lemma bounded_op_bound:
  assumes "bounded_op z0 w0 T"
  obtains C where "0 \<le> C" "\<And>\<phi>. \<phi> \<in> free z0 \<Longrightarrow> fnorm w0 (T \<phi>) \<le> C * fnorm z0 \<phi>"
proof -
  obtain C where C: "\<And>\<phi>. \<phi> \<in> free z0 \<Longrightarrow> fnorm w0 (T \<phi>) \<le> C * fnorm z0 \<phi>"
    using assms unfolding bounded_op_def by blast
  have "fnorm w0 (T \<phi>) \<le> max C 0 * fnorm z0 \<phi>" if "\<phi> \<in> free z0" for \<phi>
    using C[OF that] mult_right_mono[OF max.cobounded1[of C 0] fnorm_nonneg[OF that]] by linarith
  then show ?thesis using that[of "max C 0"] by simp
qed

lemma dirac_preserving_map_Lip0:
  assumes T: "bounded_op z0 w0 T" and f: "\<And>x. T (dirac z0 x) = dirac w0 (f x)"
  shows "f \<in> Lip0_maps z0 w0"
proof -
  obtain C where "0 \<le> C" and C: "\<And>\<phi>. \<phi> \<in> free z0 \<Longrightarrow> fnorm w0 (T \<phi>) \<le> C * fnorm z0 \<phi>"
    using bounded_op_bound[OF T] by blast
  have "dist (f x) (f x') \<le> C * dist x x'" for x x'
  proof -
    let ?\<delta> = "\<lambda>f. dirac z0 x f - dirac z0 x' f"
    have "dist (f x) (f x') \<le> fnorm w0 (T ?\<delta>)"
      using dist_le_fnorm_dirac_diff by (simp add: bounded_op_diff[OF T dirac_in_free dirac_in_free] f)
    also have "\<dots> \<le> C * fnorm z0 ?\<delta>" by (rule C[OF free_diff[OF dirac_in_free dirac_in_free]])
    also have "\<dots> \<le> C * dist x x'" by (rule mult_left_mono[OF fnorm_dirac_diff_le \<open>0 \<le> C\<close>])
    finally show ?thesis .
  qed
  moreover have "f z0 = w0"
  proof (rule dirac_inj)
    have "T (\<lambda>_. 0) = (\<lambda>_. 0)"
      using bounded_op_diff[OF T dirac_in_free dirac_in_free, of z0 z0] by simp
    then show "dirac w0 (f z0) = dirac w0 w0" using f[of z0] by (simp add: dirac_base)
  qed
  ultimately show ?thesis
    unfolding Lip0_maps_def using \<open>0 \<le> C\<close> by (auto intro!: exI[of _ C] lipschitz_onI)
qed

lemma dirac_preserving_op_is_hat:
  assumes T: "bounded_op z0 w0 T" and dirac: "\<And>x. \<exists>y. T (dirac z0 x) = dirac w0 y"
  shows "\<exists>f\<in>Lip0_maps z0 w0. is_hat z0 w0 f T"
proof -
  obtain f where f: "\<And>x. T (dirac z0 x) = dirac w0 (f x)" using dirac by metis
  then show ?thesis using dirac_preserving_map_Lip0[OF T f] T unfolding is_hat_def by blast
qed

section \<open>Closures of the set of linearisations\<close>

lemma is_hat_bounded_op: "is_hat z0 w0 f S \<Longrightarrow> bounded_op z0 w0 S"
  unfolding is_hat_def by blast

lemma is_hat_dirac: "is_hat z0 w0 f S \<Longrightarrow> S (dirac z0 x) = dirac w0 (f x)"
  unfolding is_hat_def by blast

lemma in_WOT_closure_hatD:
  assumes "in_WOT_closure_hat z0 w0 T" "finite P" "P \<subseteq> free z0 \<times> free_dual w0" "\<epsilon> > 0"
  obtains f S where "f \<in> Lip0_maps z0 w0" "is_hat z0 w0 f S"
    "\<And>\<phi> y. (\<phi>, y) \<in> P \<Longrightarrow> \<bar>y (T \<phi>) - y (S \<phi>)\<bar> < \<epsilon>"
proof -
  have "\<exists>f S. f \<in> Lip0_maps z0 w0 \<and> is_hat z0 w0 f S \<and>
      (\<forall>(\<phi>, y)\<in>P. \<bar>y (T \<phi>) - y (S \<phi>)\<bar> < \<epsilon>)"
    using assms unfolding in_WOT_closure_hat_def by (elim allE[of _ P] allE[of _ \<epsilon>] impE) auto
  then show ?thesis using that by fast
qed

lemma in_SOT_closure_hatD:
  assumes "in_SOT_closure_hat z0 w0 T" "finite X" "X \<subseteq> free z0" "\<epsilon> > 0"
  obtains f S where "f \<in> Lip0_maps z0 w0" "is_hat z0 w0 f S"
    "\<And>\<phi>. \<phi> \<in> X \<Longrightarrow> fnorm w0 (\<lambda>g. T \<phi> g - S \<phi> g) < \<epsilon>"
proof -
  have "\<exists>f S. f \<in> Lip0_maps z0 w0 \<and> is_hat z0 w0 f S \<and>
      (\<forall>\<phi>\<in>X. fnorm w0 (\<lambda>g. T \<phi> g - S \<phi> g) < \<epsilon>)"
    using assms unfolding in_SOT_closure_hat_def by (elim allE[of _ X] allE[of _ \<epsilon>] impE) auto
  then show ?thesis using that by fast
qed

lemma WOT_closure_hat_dirac_approximable:
  assumes "in_WOT_closure_hat z0 w0 T"
  shows "weakly_dirac_approximable w0 (T (dirac z0 x))"
  unfolding weakly_dirac_approximable_def
proof (intro allI impI; elim conjE)
  fix G and \<epsilon> :: real assume G: "finite G" "G \<subseteq> Lip0 w0" and "\<epsilon> > 0"
  define P where "P = (\<lambda>g. (dirac z0 x, \<lambda>\<phi>::'b functional. \<phi> g)) ` G"
  have "finite P" unfolding P_def using G(1) by simp
  moreover have "P \<subseteq> free z0 \<times> free_dual w0"
    unfolding P_def using G(2) dirac_in_free eval_in_free_dual by blast
  ultimately obtain f S where "f \<in> Lip0_maps z0 w0" "is_hat z0 w0 f S"
    and S: "\<And>\<phi> y. (\<phi>, y) \<in> P \<Longrightarrow> \<bar>y (T \<phi>) - y (S \<phi>)\<bar> < \<epsilon>"
    using in_WOT_closure_hatD[OF assms _ _ \<open>\<epsilon> > 0\<close>] by blast
  have "\<bar>T (dirac z0 x) g - g (f x)\<bar> < \<epsilon>" if "g \<in> G" for g
  proof -
    have "g \<in> Lip0 w0" using G(2) that by blast
    then have "S (dirac z0 x) g = g (f x)" using is_hat_dirac[OF \<open>is_hat z0 w0 f S\<close>] by simp
    moreover have "(dirac z0 x, \<lambda>\<phi>. \<phi> g) \<in> P" unfolding P_def using that by blast
    ultimately show ?thesis using S by fastforce
  qed
  then show "\<exists>y. \<forall>g\<in>G. \<bar>T (dirac z0 x) g - g y\<bar> < \<epsilon>" by blast
qed

lemma SOT_closure_hat_imp_WOT_closure_hat:
  assumes T: "bounded_op z0 w0 T" and SOT: "in_SOT_closure_hat z0 w0 T"
  shows "in_WOT_closure_hat z0 w0 T"
  unfolding in_WOT_closure_hat_def
proof (intro allI impI; elim conjE)
  fix P and \<epsilon> :: real
  assume P: "finite P" "P \<subseteq> free z0 \<times> free_dual w0" and "\<epsilon> > 0"
  have "\<forall>y\<in>snd ` P. \<exists>C. 0 \<le> C \<and> (\<forall>\<psi>\<in>free w0. \<bar>y \<psi>\<bar> \<le> C * fnorm w0 \<psi>)"
  proof
    fix y assume "y \<in> snd ` P"
    then have "y \<in> free_dual w0" using P(2) by auto
    then show "\<exists>C. 0 \<le> C \<and> (\<forall>\<psi>\<in>free w0. \<bar>y \<psi>\<bar> \<le> C * fnorm w0 \<psi>)"
      by (metis free_dual_bound)
  qed
  then obtain C where C: "\<forall>y\<in>snd ` P. 0 \<le> C y \<and> (\<forall>\<psi>\<in>free w0. \<bar>y \<psi>\<bar> \<le> C y * fnorm w0 \<psi>)"
    by (rule bchoice[THEN exE])
  define K where "K = (\<Sum>p\<in>P. C (snd p)) + 1"
  have C_lt_K: "C y < K" if y: "y \<in> snd ` P" for y
  proof -
    obtain p where "p \<in> P" "y = snd p" using y by blast
    then have "C y \<le> (\<Sum>p\<in>P. C (snd p))"
      using P(1) C by (auto intro: member_le_sum)
    then show ?thesis unfolding K_def by simp
  qed
  have "finite (fst ` P)" using P(1) by simp
  moreover have "fst ` P \<subseteq> free z0" using P(2) by auto
  moreover have "K > 0" unfolding K_def using C by (simp add: add_nonneg_pos sum_nonneg)
  then have "\<epsilon> / K > 0" using \<open>\<epsilon> > 0\<close> by simp
  ultimately obtain f S where "f \<in> Lip0_maps z0 w0" and S: "is_hat z0 w0 f S"
    and close: "\<And>\<phi>. \<phi> \<in> fst ` P \<Longrightarrow> fnorm w0 (\<lambda>g. T \<phi> g - S \<phi> g) < \<epsilon> / K"
    by (rule in_SOT_closure_hatD[OF SOT]) blast+
  have "\<bar>y (T \<phi>) - y (S \<phi>)\<bar> < \<epsilon>" if \<phi>y: "(\<phi>, y) \<in> P" for \<phi> y
  proof -
    have \<phi>: "\<phi> \<in> free z0" and y: "y \<in> free_dual w0" using \<phi>y P(2) by auto
    have y_snd: "y \<in> snd ` P" and \<phi>_fst: "\<phi> \<in> fst ` P" using \<phi>y by force+
    have T\<phi>: "T \<phi> \<in> free w0" and S\<phi>: "S \<phi> \<in> free w0"
      using bounded_op_free[OF T \<phi>] bounded_op_free[OF is_hat_bounded_op[OF S] \<phi>] .
    have "\<bar>y (T \<phi>) - y (S \<phi>)\<bar> = \<bar>y (\<lambda>g. T \<phi> g - S \<phi> g)\<bar>"
      by (simp add: free_dual_diff[OF y T\<phi> S\<phi>])
    also have "\<dots> \<le> C y * fnorm w0 (\<lambda>g. T \<phi> g - S \<phi> g)"
      using C y_snd free_diff[OF T\<phi> S\<phi>] by blast
    also have "\<dots> \<le> C y * (\<epsilon> / K)"
      using close[OF \<phi>_fst] C y_snd by (intro mult_left_mono) auto
    also have "\<dots> < K * (\<epsilon> / K)"
      using C_lt_K[OF y_snd] \<open>\<epsilon> / K > 0\<close> by (intro mult_strict_right_mono)
    also have "\<dots> = \<epsilon>" using \<open>K > 0\<close> by simp
    finally show ?thesis .
  qed
  then show "\<exists>f S. f \<in> Lip0_maps z0 w0 \<and> is_hat z0 w0 f S \<and>
      (\<forall>(\<phi>, y)\<in>P. \<bar>y (T \<phi>) - y (S \<phi>)\<bar> < \<epsilon>)"
    using \<open>f \<in> Lip0_maps z0 w0\<close> S by blast
qed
++++++++++
Task item: Search the entries for the string "rule" and collect each line that has it.

Reply:
    also have "\<dots> \<le> C * fnorm z0 ?\<delta>" by (rule C[OF free_diff[OF dirac_in_free dirac_in_free]])
    also have "\<dots> \<le> C * dist x x'" by (rule mult_left_mono[OF fnorm_dirac_diff_le \<open>0 \<le> C\<close>])
  proof (rule dirac_inj)
    by (rule bchoice[THEN exE])
    by (rule in_SOT_closure_hatD[OF SOT]) blast+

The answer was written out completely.